2021-08-16 18:32:37,334 Job a3w5_20001101_fc00_6_SIM is COMPLETED
2021-08-16 18:32:37,393 a3w5_20001101_fc00_6_SIM_STAT file have been transfered
2021-08-16 18:32:37,505 Job a3w5_20001101_fc00_6_SIM finished at 2021-08-16 18:32:21
2021-08-16 18:32:38,316 a3w5_20001101_fc00_7_SIM 17018865 QUEUING marenostrum4 bsc_es
2021-08-16 18:32:38,317 a3w5_20001101_fc00_8_SIM 17018865 QUEUING marenostrum4 bsc_es
2021-08-16 18:32:38,317 a3w5_20001101_fc00_9_SIM 17018865 QUEUING marenostrum4 bsc_es
2021-08-16 18:32:38,317 a3w5_20001101_fc00_10_SIM 17018865 QUEUING marenostrum4 bsc_es
2021-08-16 18:32:38,317 a3w5_20001101_fc00_11_SIM 17018865 QUEUING marenostrum4 bsc_es
The status is checked, but SIM_7 is never RUNNING
2021-08-16 18:32:54,576 Checking Wrapper 17018865
2021-08-16 18:32:57,798 Successful check job command: sacct -n -X --jobs 17018865 -o "State"

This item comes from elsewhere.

(* Let $\mathcal A=(\mathbf a,\mathbf b)$ be a binary GCP of length $M$ and let $\mathcal B=(\mathbf c,\mathbf d)$ be a binary $(N,Z)$-CZCP. Let $(\mathbf e,\mathbf f)=\mathrm{Turyn}(\mathcal A,\mathcal B)$, i.e. $$\mathbf e=\mathbf c\otimes\frac{\mathbf a+\mathbf b}2-\overleftarrow{\mathbf d}\otimes\frac{\mathbf b-\mathbf a}2,\qquad \mathbf f=\mathbf d\otimes\frac{\mathbf a+\mathbf b}2+\overleftarrow{\mathbf c}\otimes\frac{\mathbf b-\mathbf a}2 .$$ Then $(\mathbf e,\mathbf f)$ is an $(NM,ZM)$-CZCP.
   Context: A binary GCP of length $M$ is a pair of $\pm1$ sequences with $\rho_{\mathbf a}(\tau)+\rho_{\mathbf b}(\tau)=0$ for all $\tau\ne0$. $\overleftarrow{\mathbf u}$ denotes the reversal of $\mathbf u$ and $\mathbf u\otimes\mathbf v=(u_0\mathbf v,u_1\mathbf v,\dots,u_{N-1}\mathbf v)$ the Kronecker product (so $\mathbf e,\mathbf f$ have length $NM$). Aperiodic correlation of real sequences of length $L$: $\rho_{\mathbf a,\mathbf b}(\tau)=\sum_{k=0}^{L-1-\tau}a_kb_{k+\tau}$ for $0\le\tau\le L-1$, $\rho_{\mathbf a,\mathbf b}(\tau)=\sum_{k=0}^{L-1+\tau}a_{k-\tau}b_k$ for $-(L-1)\le\tau\le-1$, $0$ otherwise; $\rho_{\mathbf a}=\rho_{\mathbf a,\mathbf a}$. CZCP: with $\mathcal T_1=\{1,\dots,Z\}$, $\mathcal T_2=\{L-Z,\dots,L-1\}$, a pair $(\mathbf a,\mathbf b)$ of length-$L$ sequences is an $(L,Z)$-CZCP if $\rho_{\mathbf a}(\tau)+\rho_{\mathbf b}(\tau)=0$ for all $|\tau|\in\mathcal T_1\cup\mathcal T_2$ and $\rho_{\mathbf a,\mathbf b}(\tau)+\rho_{\mathbf b,\mathbf a}(\tau)=0$ for all $|\tau|\in\mathcal T_2$. *)

theory Defs
  imports Complex_Main
begin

During the stop there was a setstatus and an interruption in the process:
20210816_175624_setstatus.log
Job Name Job Id Job Status Job Platform Job Queue
2021-08-16 17:56:47,849 a3w5_19951101_fc00_11_NCTIME 558440 COMPLETED nord3 bsc_es
2021-08-16 17:56:47,849 a3w5_20051101_fc00_11_NCTIME 556771 COMPLETED nord3 bsc_es
2021-08-16 17:56:47,850 a3w5_20101101_fc00_11_NCTIME 556777 COMPLETED nord3 bsc_es
2021-08-16 17:56:47,850 a3w5_20151101_fc00_11_NCTIME 558445 COMPLETED nord3 bsc_es
2021-08-16 17:56:47,850 a3w5_20201101_fc00_11_NCTIME 558851 COMPLETED nord3 bsc_es
2021-08-16 17:56:47,850 a3w5_20001101_fc00_6_SIM 17018865 RUNNING marenostrum4 bsc_es
2021-08-16 17:56:47,850 a3w5_20001101_fc00_7_SIM 17018865 QUEUING marenostrum4 bsc_es
2021-08-16 17:56:47,850 a3w5_20001101_fc00_8_SIM 17018865 QUEUING marenostrum4 bsc_es
2021-08-16 17:56:47,850 a3w5_20001101_fc00_9_SIM 17018865 QUEUING marenostrum4 bsc_es
2021-08-16 17:56:47,850 a3w5_20001101_fc00_10_SIM 17018865 QUEUING marenostrum4 bsc_es
2021-08-16 17:56:47,851 a3w5_20001101_fc00_11_SIM 17018865 QUEUING marenostrum4 bsc_es
2021-08-16 17:56:47,854 Saving JobList: /esarchive/autosubmit/a3w5/pkl/job_list_a3w5.pkl
2021-08-16 17:56:48,563 Job list saved
2021-08-16 17:56:48,829 Traceback (most recent call last):
File "/shared/earth/software/autosubmit/3.13.0-foss-2015a-Python-2.7.9/lib/python2.7/site-packages/autosubmit-3.13.0-py2.7.egg/autosubmit/database/db_jobdata.py", line 915, in process_status_changes
self.update_jobs_from_change_status(tracking_dictionary)
File "/shared/earth/software/autosubmit/3.13.0-foss-2015a-Python-2.7.9/lib/python2.7/site-packages/autosubmit-3.13.0-py2.7.egg/autosubmit/database/db_jobdata.py", line 1573, in update_jobs_from_change_status
status_code, final_status_code = tracking_dictionary[job_name]
ValueError: too many values to unpack
[WARNING] 2021-08-16 17:56:48,830 Autosubmit couldn't process status changes validate_current_run too many values to unpack
I don't know if it can be related, since it doesn't seem to have impacted the status of the jobs neither the wrapper that they belong to.